Saturday, December 17, 2011

Homeward Bound

by Harry Turtledove

This last book of the Tosev timeline series is quite a disappointment. The timeline starts with an alien invasion of Earth in 1942. Known as the Race, these aliens plan to easily subdue the planet and it's native inhabitants. What they didn't anticipate is that human technology and society progresses (or at least changes) at a lot faster rate than theirs. So the attempted subjugation is anything but easy. Anyway, fast forward to the 1990s. Human technology has "borrowed" a bit from the invaders and the United States sends off their own starship, the Admiral Peary, to visit the homeworld of the race. What follows os a relatively dull tale. After seven volumes of life threatening conflict and intrigue, Mr. Turtledove finishes with a story of diplomacy and sightseeing. The whole book seems awkward, almost as if he (or his publisher) decided to cut the saga off short and jump to the final resolution.
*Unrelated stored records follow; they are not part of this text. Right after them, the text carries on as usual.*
(* A summand I[b,d] with b \<noteq> 1 (resp. d \<noteq> 3) dies under fst (resp. snd), while every full
   summand of the larger decomposition is detected there. *)
lemma hcoord_full_eq_0_if_not_full:
  assumes B: "interval_decomp_on p DB GB RB mB e1B e2B e3B"
    and C: "interval_decomp_on p DC GC RC mC e1C e2C e3C"
    and sub: "GB \<subseteq> GC" "DB \<subseteq> DC" "RB \<subseteq> RC"
    and k: "k \<in> vidx 2 mB" "fst k \<noteq> (1, 3)" and i: "i < mC (1, 3)"
  shows "hcoord p (top_of_set GC) (vidx 2 mC) e2C (e2B k) ((1, 3), i) = 0"
proof -
  have y: "is_kcycle p (top_of_set GC) (e2B k)"
    using interval_decomp_on_hbasis(2)[OF B] k(1) sub(1) by (auto simp: hbasis_def intro: is_kcycle_mono)
  have "k \<notin> vidx 1 mB \<or> k \<notin> vidx 3 mB"
    using k by (auto simp: vidx_def intervals3_def)
  then show ?thesis
  proof
    assume "k \<notin> vidx 1 mB"
    then have "khomologous p (top_of_set DC) (kpush p fst (e2B k)) kzero"
      using interval_decomp_on_kpush_fst[OF B k(1)] sub(2) by (auto intro: khomologous_mono)
    then show ?thesis
      using i by (intro hcoord_eq_0_if_kpush_null[OF interval_decomp_on_hbasis(2,1)[OF C]
          interval_decomp_on_continuous_map(1)[OF C] interval_decomp_on_kpush_fst[OF C] y])
        (auto simp: vidx_def intervals3_def)
  next
    assume "k \<notin> vidx 3 mB"
    then have "khomologous p (top_of_set RC) (kpush p snd (e2B k)) kzero"
      using interval_decomp_on_kpush_snd[OF B k(1)] sub(3) by (auto intro: khomologous_mono)
    then show ?thesis
      using i by (intro hcoord_eq_0_if_kpush_null[OF interval_decomp_on_hbasis(2,3)[OF C]
          interval_decomp_on_continuous_map(2)[OF C] interval_decomp_on_kpush_snd[OF C] y])
        (auto simp: vidx_def intervals3_def)
  qed
qed

(* Entry (i, j) of the I[1,3]-block, in the bases e2' and e2, of the map induced by an inclusion
   of the space carrying e2' into G. *)
definition full_block :: "nat \<Rightarrow> ('b::topological_space) set \<Rightarrow> (nat \<times> nat \<Rightarrow> nat)
   \<Rightarrow> ((nat \<times> nat) \<times> nat \<Rightarrow> ('b,'k::field) kchain) \<Rightarrow> ((nat \<times> nat) \<times> nat \<Rightarrow> ('b,'k) kchain)
   \<Rightarrow> nat \<Rightarrow> nat \<Rightarrow> 'k" where
  "full_block p G m e2 e2' i j = hcoord p (top_of_set G) (vidx 2 m) e2 (e2' ((1, 3), j)) ((1, 3), i)"

lemma full_block_comp:
  assumes A: "interval_decomp_on p DA GA RA mA e1A e2A e3A"
    and B: "interval_decomp_on p DB GB RB mB e1B e2B e3B"
    and C: "interval_decomp_on p DC GC RC mC e1C e2C e3C"
    and sub: "GA \<subseteq> GB" "GB \<subseteq> GC" "DB \<subseteq> DC" "RB \<subseteq> RC"
    and j: "j < mA (1, 3)" and i: "i < mC (1, 3)"
  shows "(\<Sum>k<mB (1, 3). full_block p GC mC e2C e2B i k * full_block p GB mB e2B e2A k j)
    = full_block p GC mC e2C e2A i j"
proof -
  let ?x = "e2A ((1, 3), j)"
  let ?c = "\<lambda>k. hcoord p (top_of_set GB) (vidx 2 mB) e2B ?x k
                * hcoord p (top_of_set GC) (vidx 2 mC) e2C (e2B k) ((1, 3), i)"
  let ?full = "(\<lambda>k. ((1, 3), k)) ` {..<mB (1, 3)}"
  have hbB: "hbasis p (top_of_set GB) (vidx 2 mB) e2B"
    using B by (rule interval_decomp_on_hbasis)
  have "((1, 3), j) \<in> vidx 2 mA" using j by (simp add: vidx_def intervals3_def)
  then have "is_kcycle p (top_of_set GA) ?x"
    using interval_decomp_on_hbasis(2)[OF A] by (simp add: hbasis_def)
  then have "is_kcycle p (top_of_set GB) ?x" using sub(1) by (rule is_kcycle_mono)
  then have "full_block p GC mC e2C e2A i j = sum ?c (vidx 2 mB)"
    unfolding full_block_def
    by (simp add: hcoord_change_basis[OF hbB interval_decomp_on_hbasis(2)[OF C] sub(2)])
  also have "\<dots> = sum ?c ?full"
  proof (rule sum.mono_neutral_right)
    show "finite (vidx 2 mB)" using hbB by (simp add: hbasis_def)
    show "?full \<subseteq> vidx 2 mB" by (auto simp: vidx_def intervals3_def)
    show "\<forall>k\<in>vidx 2 mB - ?full. ?c k = 0"
    proof
      fix k assume k: "k \<in> vidx 2 mB - ?full"
      have "fst k \<noteq> (1, 3)"
      proof
        assume "fst k = (1, 3)"
        then have "k \<in> ?full" using k by (cases k) (auto simp: vidx_def)
        then show False using k by blast
      qed
      then show "?c k = 0" using hcoord_full_eq_0_if_not_full[OF B C sub(2-4) _ _ i] k by simp
    qed
  qed
  also have "\<dots> = (\<Sum>k<mB (1, 3). full_block p GC mC e2C e2B i k * full_block p GB mB e2B e2A k j)"
    by (simp add: sum.reindex inj_on_def full_block_def mult.commute)
  finally show ?thesis by simp
qed
lemma GW_restr_gen_Suc:
  assumes GW: "is_GW_tree M T p" and p_nonneg: "\<And>k. 0 \<le> p k" and "h \<le> n"
  shows "{\<omega>\<in>space M. restr h (T \<omega>) = t \<and> gen n (T \<omega>) = b \<and> gen (Suc n) (T \<omega>) = a} \<in> sets M"
    and "measure M {\<omega>\<in>space M. restr h (T \<omega>) = t \<and> gen n (T \<omega>) = b \<and> gen (Suc n) (T \<omega>) = a} =
      conv_power p b a * measure M {\<omega>\<in>space M. restr h (T \<omega>) = t \<and> gen n (T \<omega>) = b}"
proof -
  \<comment> \<open>decompose according to the first n generations, of which there are countably many\<close>
  define S where "S = {t'. is_tree t' \<and> height_le n t' \<and> restr h t' = t \<and> gen n t' = b}"
  define X where "X t' = {\<omega>\<in>space M. restr n (T \<omega>) = t'}" for t'
  define Y where "Y t' = {\<omega>\<in>space M. restr n (T \<omega>) = t' \<and> gen (Suc n) (T \<omega>) = a}" for t'
  have "countable S"
    using countable_Collect_finite by (rule countable_subset[rotated]) (auto simp: S_def finite_tree)
  have restr_iff: "restr h T' = t \<and> gen n T' = b \<longleftrightarrow> restr n T' \<in> S" if "is_tree T'" for T'
    using that \<open>h \<le> n\<close>
    by (auto simp: S_def is_tree_restr height_le_restr restr_restr min_def gen_restr)
  have GX: "{\<omega>\<in>space M. restr h (T \<omega>) = t \<and> gen n (T \<omega>) = b} = (\<Union>t'\<in>S. X t')"
    using restr_iff GW_is_tree[OF GW] by (auto simp: X_def)
  have BY: "{\<omega>\<in>space M. restr h (T \<omega>) = t \<and> gen n (T \<omega>) = b \<and> gen (Suc n) (T \<omega>) = a} = (\<Union>t'\<in>S. Y t')"
    using restr_iff GW_is_tree[OF GW] by (auto simp: Y_def)
  have Y_sets: "Y t' \<in> sets M" if "t' \<in> S" for t'
    using GW_restr_next_gen(1)[OF GW] that by (auto simp: S_def Y_def)
  then show "{\<omega>\<in>space M. restr h (T \<omega>) = t \<and> gen n (T \<omega>) = b \<and> gen (Suc n) (T \<omega>) = a} \<in> sets M"
    unfolding BY using \<open>countable S\<close> by (intro sets.countable_UN') auto
  have proportional: "measure M (Y t') = conv_power p b a * measure M (X t')" if "t' \<in> S" for t'
    using that GW_restr_next_gen(2)[OF GW] GW_restr_prob[OF GW] by (auto simp: S_def X_def Y_def)
  have X_sets: "X t' \<in> sets M" if "t' \<in> S" for t' using GW_restr_sets[OF GW] by (simp add: X_def)
  have "disjoint_family_on X S" "disjoint_family_on Y S"
    by (auto simp: X_def Y_def disjoint_family_on_def)
  from measure_UN_proportional[OF GW_prob_space[OF GW] \<open>countable S\<close> X_sets Y_sets this
      conv_power_nonneg[OF p_nonneg] proportional]
  show "measure M {\<omega>\<in>space M. restr h (T \<omega>) = t \<and> gen n (T \<omega>) = b \<and> gen (Suc n) (T \<omega>) = a} =
      conv_power p b a * measure M {\<omega>\<in>space M. restr h (T \<omega>) = t \<and> gen n (T \<omega>) = b}"
    unfolding GX BY .
qed

lemma GW_restr_gen:
  assumes GW: "is_GW_tree M T p" and p_nonneg: "\<And>k. 0 \<le> p k"
  shows "{\<omega>\<in>space M. restr h (T \<omega>) = t \<and> gen (h + m) (T \<omega>) = a} \<in> sets M \<and>
    measure M {\<omega>\<in>space M. restr h (T \<omega>) = t \<and> gen (h + m) (T \<omega>) = a} =
      measure M {\<omega>\<in>space M. restr h (T \<omega>) = t} * generation_kernel p m (gen h t) a"
proof (induction m arbitrary: a)
  case 0
  have "gen h (T \<omega>) = gen h t" if "restr h (T \<omega>) = t" for \<omega>
    using gen_restr[of h h "T \<omega>"] that by simp
  then have "{\<omega>\<in>space M. restr h (T \<omega>) = t \<and> gen (h + 0) (T \<omega>) = a} =
      (if a = gen h t then {\<omega>\<in>space M. restr h (T \<omega>) = t} else {})"
    by auto
  then show ?case using GW_restr_sets[OF GW] by auto
next
  case (Suc m)
  interpret prob_space M using GW_prob_space[OF GW] .
  define At where "At = {\<omega>\<in>space M. restr h (T \<omega>) = t}"
  define B where "B b = {\<omega>\<in>space M. restr h (T \<omega>) = t \<and> gen (h + m) (T \<omega>) = b \<and>
    gen (Suc (h + m)) (T \<omega>) = a}" for b
  have B_sets: "range B \<subseteq> sets M"
    using GW_restr_gen_Suc(1)[OF GW p_nonneg, of h "h + m"] by (auto simp: B_def)
  have B_prob: "measure M (B b) = measure M At * (generation_kernel p m (gen h t) b * conv_power p b a)" for b
    using GW_restr_gen_Suc(2)[OF GW p_nonneg, of h "h + m" t b a] Suc.IH[of b]
    by (simp add: B_def At_def mult_ac)
  have union: "{\<omega>\<in>space M. restr h (T \<omega>) = t \<and> gen (h + Suc m) (T \<omega>) = a} = (\<Union>b. B b)"
    by (auto simp: B_def)
  have "disjoint_family B" by (auto simp: disjoint_family_on_def B_def)
  from measure_UNION[OF B_sets this] have B_sums:
    "(\<lambda>b. measure M At * (generation_kernel p m (gen h t) b * conv_power p b a)) sums measure M (\<Union>b. B b)"
    by (simp add: B_prob)
  have "measure M (\<Union>b. B b) = measure M At * generation_kernel p (Suc m) (gen h t) a"
  proof (cases "measure M At = 0")
    case True
    have "(\<Union>b. B b) \<subseteq> At" "At \<in> sets M"
      using GW_restr_sets[OF GW] by (auto simp: B_def At_def)
    then have "measure M (\<Union>b. B b) \<le> measure M At"
      using B_sets by (intro finite_measure_mono) auto
    then have "measure M (\<Union>b. B b) = 0"
      using True measure_nonneg[of M "\<Union>b. B b"] by linarith
    then show ?thesis using True by simp
  next
    case False
    from sums_divide[OF B_sums, of "measure M At"] False
    have "(\<lambda>b. generation_kernel p m (gen h t) b * conv_power p b a) sums (measure M (\<Union>b. B b) / measure M At)"
      by simp
    then show ?thesis using False by (simp add: sums_iff)
  qed
  then show ?case using B_sets unfolding union At_def by auto
qed

lemma GW_gen_prob:
  assumes GW: "is_GW_tree M T p" and p_nonneg: "\<And>k. 0 \<le> p k"
  shows "measure M {\<omega>\<in>space M. gen n (T \<omega>) = a} = generation_kernel p n 1 a"
proof -
  have "{\<omega>\<in>space M. restr 0 (T \<omega>) = {[]}} = space M"
    using GW_is_tree[OF GW] restr_0 by auto
  moreover have "{\<omega>\<in>space M. restr 0 (T \<omega>) = {[]} \<and> gen (0 + n) (T \<omega>) = a} = {\<omega>\<in>space M. gen n (T \<omega>) = a}"
    using GW_is_tree[OF GW] restr_0 by auto
  moreover have "gen 0 {[]} = 1" by (simp add: gen_def)
  ultimately show ?thesis
    using GW_restr_gen[OF GW p_nonneg, of 0 "{[]}" n a] prob_space.prob_space[OF GW_prob_space[OF GW]]
    by simp
qed

lemma GW_restr_gen_prob:
  assumes GW: "is_GW_tree M T p" and p_nonneg: "\<And>k. 0 \<le> p k"
    and t: "is_tree t" "height_le h t" and "h \<le> n"
  shows "measure M {\<omega>\<in>space M. restr h (T \<omega>) = t \<and> gen n (T \<omega>) = a} =
    gw_weight p h t * generation_kernel p (n - h) (gen h t) a"
  using GW_restr_gen[OF GW p_nonneg, of h t "n - h" a] GW_restr_prob[OF GW t] \<open>h \<le> n\<close> by simp
lemma lam_triad: "lam (triad t1 t2 t3) = max (t3 / t2) (t2 / t3)"
  by (subst lam_msize_3) (simp_all add: triad_def)

lemma lam_submat_3:
  "lam (submat A 3 \<sigma>) =
     max (ent A (\<sigma> 1) (\<sigma> 2) / ent A (\<sigma> 0) (\<sigma> 2)) (ent A (\<sigma> 0) (\<sigma> 2) / ent A (\<sigma> 1) (\<sigma> 2))"
  by (subst lam_msize_3) (simp_all add: submat_def)

lemma lam_mtranspose_msize_3:
  assumes "T \<in> PCM" "msize T = 3"
  shows "lam (mtranspose T) = lam T"
proof -
  have "ent T 2 1 = 1 / ent T 1 2" "ent T 2 0 = 1 / ent T 0 2"
    using PCM_ent_recip[OF assms(1), of 1 2] PCM_ent_recip[OF assms(1), of 0 2] assms(2)
    by simp_all
  moreover have "0 < ent T 1 2" "0 < ent T 0 2"
    using PCM_ent_pos[OF assms(1)] assms(2) by simp_all
  ultimately have "max (ent T 2 1 / ent T 2 0) (ent T 2 0 / ent T 2 1)
      = max (ent T 1 2 / ent T 0 2) (ent T 0 2 / ent T 1 2)"
    by (simp add: max.commute)
  moreover have "msize (mtranspose T) = 3"
    using assms(2) by (simp add: mtranspose_def)
  ultimately show ?thesis
    using assms(2) by (simp add: lam_msize_3 mtranspose_def)
qed

lemma all_less_3: "(\<forall>i<3. P i) \<longleftrightarrow> P 0 \<and> P 1 \<and> P (2::nat)"
proof -
  have "i < 3 \<longleftrightarrow> i = 0 \<or> i = 1 \<or> i = (2::nat)" for i
    by auto
  then show ?thesis
    by metis
qed

lemma msize_triad [simp]: "msize (triad t1 t2 t3) = 3"
  by (simp add: triad_def)

lemma triad_in_PCM:
  assumes "0 < t1" "0 < t2" "0 < t3"
  shows "triad t1 t2 t3 \<in> PCM"
proof -
  have "\<forall>i<3. \<forall>j<3. 0 < ent (triad t1 t2 t3) i j \<and>
          ent (triad t1 t2 t3) j i = 1 / ent (triad t1 t2 t3) i j"
    unfolding all_less_3 using assms by (simp add: triad_def)
  moreover have "\<forall>i j. 3 \<le> i \<or> 3 \<le> j \<longrightarrow> ent (triad t1 t2 t3) i j = 0"
    by (auto simp: triad_def)
  ultimately show ?thesis
    unfolding PCM_iff msize_triad by blast
qed

lemma submat_in_PCM:
  assumes "A \<in> PCM" "3 \<le> m" "\<sigma> ` {0..<m} \<subseteq> {0..<msize A}"
  shows "submat A m \<sigma> \<in> PCM"
  unfolding PCM_iff
proof (intro conjI allI impI)
  fix i j
  assume "i < msize (submat A m \<sigma>)" "j < msize (submat A m \<sigma>)"
  then have ij: "i < m" "j < m"
    by (simp_all add: submat_def)
  then have "\<sigma> i < msize A" "\<sigma> j < msize A"
    using assms(3) by fastforce+
  then have "0 < ent A (\<sigma> i) (\<sigma> j)"
    and "ent A (\<sigma> j) (\<sigma> i) = 1 / ent A (\<sigma> i) (\<sigma> j)"
    using PCM_ent_pos[OF assms(1)] PCM_ent_recip[OF assms(1)] by blast+
  with ij show "0 < ent (submat A m \<sigma>) i j"
    and "ent (submat A m \<sigma>) j i = 1 / ent (submat A m \<sigma>) i j"
    by (simp_all add: submat_def)
qed (use assms(2) in \<open>auto simp: submat_def\<close>)

lemma mtranspose_in_PCM:
  assumes "A \<in> PCM"
  shows "mtranspose A \<in> PCM"
proof -
  have "msize (mtranspose A) = msize A" "ent (mtranspose A) = (\<lambda>i j. ent A j i)"
    by (simp_all add: mtranspose_def)
  with assms show ?thesis
    unfolding PCM_iff by metis
qed

lemma inconsistency_ranking_rank4: "inconsistency_ranking rank4"
  unfolding inconsistency_ranking_def rank4_def by auto

lemma PR_rank4: "PR rank4"
proof -
  have lam_triad_1: "lam (triad 1 s 1) = s" if "1 \<le> s" for s :: real
  proof -
    have "1 / s \<le> s"
      using that by (meson divide_le_eq_1 dual_order.trans less_le_trans zero_less_one)
    then show ?thesis
      by (simp add: lam_triad max_absorb2)
  qed
  show ?thesis
    unfolding PR_def rank4_def by (simp add: lam_triad_1 triad_in_PCM)
qed

lemma IIP_rank4: "IIP rank4"
  unfolding IIP_def indiff_def rank4_def
  by (simp add: mtranspose_in_PCM lam_mtranspose_msize_3)

lemma HTE_rank4: "HTE rank4"
  unfolding HTE_def indiff_def rank4_def by (simp add: triad_in_PCM lam_triad)

lemma MON_rank4: "MON rank4"
  unfolding MON_def rank4_def
proof (intro ballI allI impI conjI)
  fix A T
  assume A: "A \<in> PCM" and "is_triad_of T A"
  then obtain \<sigma> where mono: "strict_mono_on {0..<3} \<sigma>"
    and range: "\<sigma> ` {0..<3} \<subseteq> {0..<msize A}" and T: "T = submat A 3 \<sigma>"
    unfolding is_triad_of_def is_submatrix_def by auto
  show "T \<in> PCM"
    using submat_in_PCM[OF A _ range] T by simp
  have "\<sigma> 0 < \<sigma> 1" "\<sigma> 1 < \<sigma> 2"
    using mono by (auto simp: strict_mono_on_def)
  moreover have "\<sigma> 2 < msize A"
    using range by (auto simp: image_subset_iff)
  ultimately show "lam T \<le> lam A"
    unfolding T lam_submat_3 by (rule lam_ge)
qed (simp)

lemma RED_rank4: "RED rank4"
  unfolding RED_def
proof
  fix A
  assume A: "A \<in> PCM"
  then obtain i j k where ijk: "i < j" "j < k" "k < msize A"
    and lam_A: "lam A = max (ent A j k / ent A i k) (ent A i k / ent A j k)"
    using lam_attained PCM_msize_ge by blast
  define \<sigma> where "\<sigma> x = (if x = 0 then i else if x = 1 then j else k)" for x :: nat
  have mono: "strict_mono_on {0..<3} \<sigma>"
    using ijk by (auto simp: strict_mono_on_def \<sigma>_def)
  have range: "\<sigma> ` {0..<3} \<subseteq> {0..<msize A}"
    using ijk by (auto simp: \<sigma>_def)
  have "is_triad_of (submat A 3 \<sigma>) A"
    unfolding is_triad_of_def is_submatrix_def
    using mono range PCM_msize_ge[OF A] by (auto simp: submat_def)
  moreover have "lam (submat A 3 \<sigma>) = lam A"
    by (simp add: lam_submat_3 lam_A \<sigma>_def)
  ultimately show "\<exists>T. is_triad_of T A \<and> indiff rank4 A T"
    using A submat_in_PCM[OF A _ range] unfolding indiff_def rank4_def
    by (intro exI[of _ "submat A 3 \<sigma>"]) simp
qed

lemma not_SI_rank4: "\<not> SI rank4"
proof
  assume "SI rank4"
  then have "indiff rank4 (triad 1 1 1) (triad (2 * 1) (2^2 * 1) (2 * 1))"
    unfolding SI_def by (meson zero_less_one zero_less_numeral)
  then show False
    by (simp add: indiff_def rank4_def lam_triad)
qed

theorem mainTheorem5:
  shows "inconsistency_ranking rank4 \<and> PR rank4 \<and> IIP rank4 \<and> HTE rank4 \<and>
         MON rank4 \<and> RED rank4 \<and> \<not> SI rank4"
  using inconsistency_ranking_rank4 PR_rank4 IIP_rank4 HTE_rank4 MON_rank4 RED_rank4 not_SI_rank4
  by blast

end
definition rational_line :: "real \<times> real \<Rightarrow> real \<times> real \<Rightarrow> (real \<times> real) set \<Rightarrow> bool" where
  "rational_line a b L \<longleftrightarrow> (\<exists>u\<in>lattice a b. u \<noteq> 0 \<and> u \<in> L)"

lemma lattice_combination: "of_int m *\<^sub>R a + of_int n *\<^sub>R b \<in> lattice a b"
  unfolding lattice_def by blast

lemma lattice_generators: "a \<in> lattice a b" "b \<in> lattice a b" "a + b \<in> lattice a b"
  using lattice_combination[of 1 a 0 b] lattice_combination[of 0 a 1 b]
    lattice_combination[of 1 a 1 b] by simp_all

lemma det2_lattice:
  "det2 (of_int m *\<^sub>R a + of_int n *\<^sub>R b) (of_int m' *\<^sub>R a + of_int n' *\<^sub>R b)
     = of_int (m * n' - n * m') * det2 a b"
  unfolding det2_def by (simp add: algebra_simps)

text \<open>Hence the cross-ratio of four lattice vectors is a quotient of integers.\<close>
lemma cross_ratio_lattice:
  assumes "w1 \<in> lattice a b" "w2 \<in> lattice a b" "w3 \<in> lattice a b" "w4 \<in> lattice a b"
  shows "cross_ratio w1 w2 w3 w4 \<in> \<rat>"
proof -
  obtain m1 n1 m2 n2 m3 n3 m4 n4 where w:
    "w1 = of_int m1 *\<^sub>R a + of_int n1 *\<^sub>R b" "w2 = of_int m2 *\<^sub>R a + of_int n2 *\<^sub>R b"
    "w3 = of_int m3 *\<^sub>R a + of_int n3 *\<^sub>R b" "w4 = of_int m4 *\<^sub>R a + of_int n4 *\<^sub>R b"
    using assms unfolding lattice_def by blast
  define D where "D = det2 a b"
  define A where "A = (m1 * n3 - n1 * m3) * (m2 * n4 - n2 * m4)"
  define B where "B = (m1 * n4 - n1 * m4) * (m2 * n3 - n2 * m3)"
  have "cross_ratio w1 w2 w3 w4 = (D * D * of_int A) / (D * D * of_int B)"
    unfolding cross_ratio_def w det2_lattice A_def B_def D_def by (simp add: algebra_simps)
  also have "\<dots> = (if D = 0 then 0 else of_int A / of_int B)" by simp
  finally show ?thesis by simp
qed

lemma cross_ratio_scale:
  assumes "s1 \<noteq> 0" "s2 \<noteq> 0" "s3 \<noteq> 0" "s4 \<noteq> 0"
  shows "cross_ratio (s1 *\<^sub>R w1) (s2 *\<^sub>R w2) (s3 *\<^sub>R w3) (s4 *\<^sub>R w4) = cross_ratio w1 w2 w3 w4"
proof -
  have "cross_ratio (s1 *\<^sub>R w1) (s2 *\<^sub>R w2) (s3 *\<^sub>R w3) (s4 *\<^sub>R w4)
     = ((s1 * s2 * s3 * s4) * (det2 w1 w3 * det2 w2 w4)) / ((s1 * s2 * s3 * s4) * (det2 w1 w4 * det2 w2 w3))"
    unfolding cross_ratio_def det2_scaleL det2_scaleR by (simp add: algebra_simps)
  also have "\<dots> = cross_ratio w1 w2 w3 w4"
    using assms unfolding cross_ratio_def by (simp add: mult_divide_mult_cancel_left)
  finally show ?thesis .
qed
theorem proposition4p2:
  fixes al c lam mu q k a b :: real
  assumes "0 < al" "al \<le> 1" "0 < lam" "0 < mu" "0 < q" "0 < c" "1 \<le> k" "0 < a" "0 \<le> b"
  defines "W \<equiv> Wq al c lam mu q" and "Z \<equiv> Zq al c lam mu q" and "C \<equiv> Cq al c lam mu q"
      and "JJ \<equiv> J al c lam mu q k a b"
      and "z \<equiv> zfun al mu k a (J al c lam mu q k a b 0)"
  shows
    "(\<forall>x. 0 \<le> x \<and> x \<le> b \<longrightarrow>
        JJ x = W x / W b * JJ b + (Z x - W x / W b * Z b) * z)
     \<and> (\<forall>x. 0 \<le> x \<and> x \<le> b \<longrightarrow>
        JJ x - z * Z x = W x / W b * (JJ b - z * Z b))
     \<and> (\<forall>x. x < - a \<longrightarrow> JJ x = 0)
     \<and> (\<forall>x. - a \<le> x \<and> x \<le> 0 \<longrightarrow> JJ x = k * x + JJ 0)
     \<and> (\<forall>x. 0 < x \<and> x \<le> b \<longrightarrow>
        JJ x = k * Gfun al c lam mu q a x + JJ 0 * Sfun al c lam mu q a x)
     \<and> (\<exists>G' S' C'.
          ((\<lambda>y. Gfun al c lam mu q a y) has_real_derivative G') (at_right b)
        \<and> ((\<lambda>y. Sfun al c lam mu q a y) has_real_derivative S') (at_right b)
        \<and> (C has_real_derivative C') (at_right b)
        \<and> JJ 0 = (1 - k * G') / S'
        \<and> JJ 0 = (1 - k * m_al al mu a * C') / (exp (- (mu / al) * a) * C' + q * W b))"
proof -
  interpret injection_barrier_model al c lam mu q k a b
    using assms(1,3-9) by unfold_locales auto
  show ?thesis
    unfolding W_def Z_def C_def JJ_def z_def
    by (intro conjI allI impI)
       (blast intro: J_scale_representation J_below J_band J_eq_G_S J_0_derivative_formula less_imp_le)+
qed

end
Or maybe he was giving his best efforts to his Settling Accounts series, which was also being published at the time. (Of course, I must confess that I was also reading under a handicap, having read a synopsis of Homeward Bound beforehand. Knowing the big plot development tends to diminish the suspense. But if you do want to know the ending of the series, I suppose reading the book itself is more enjoyable than skimming the Wikipedia entry.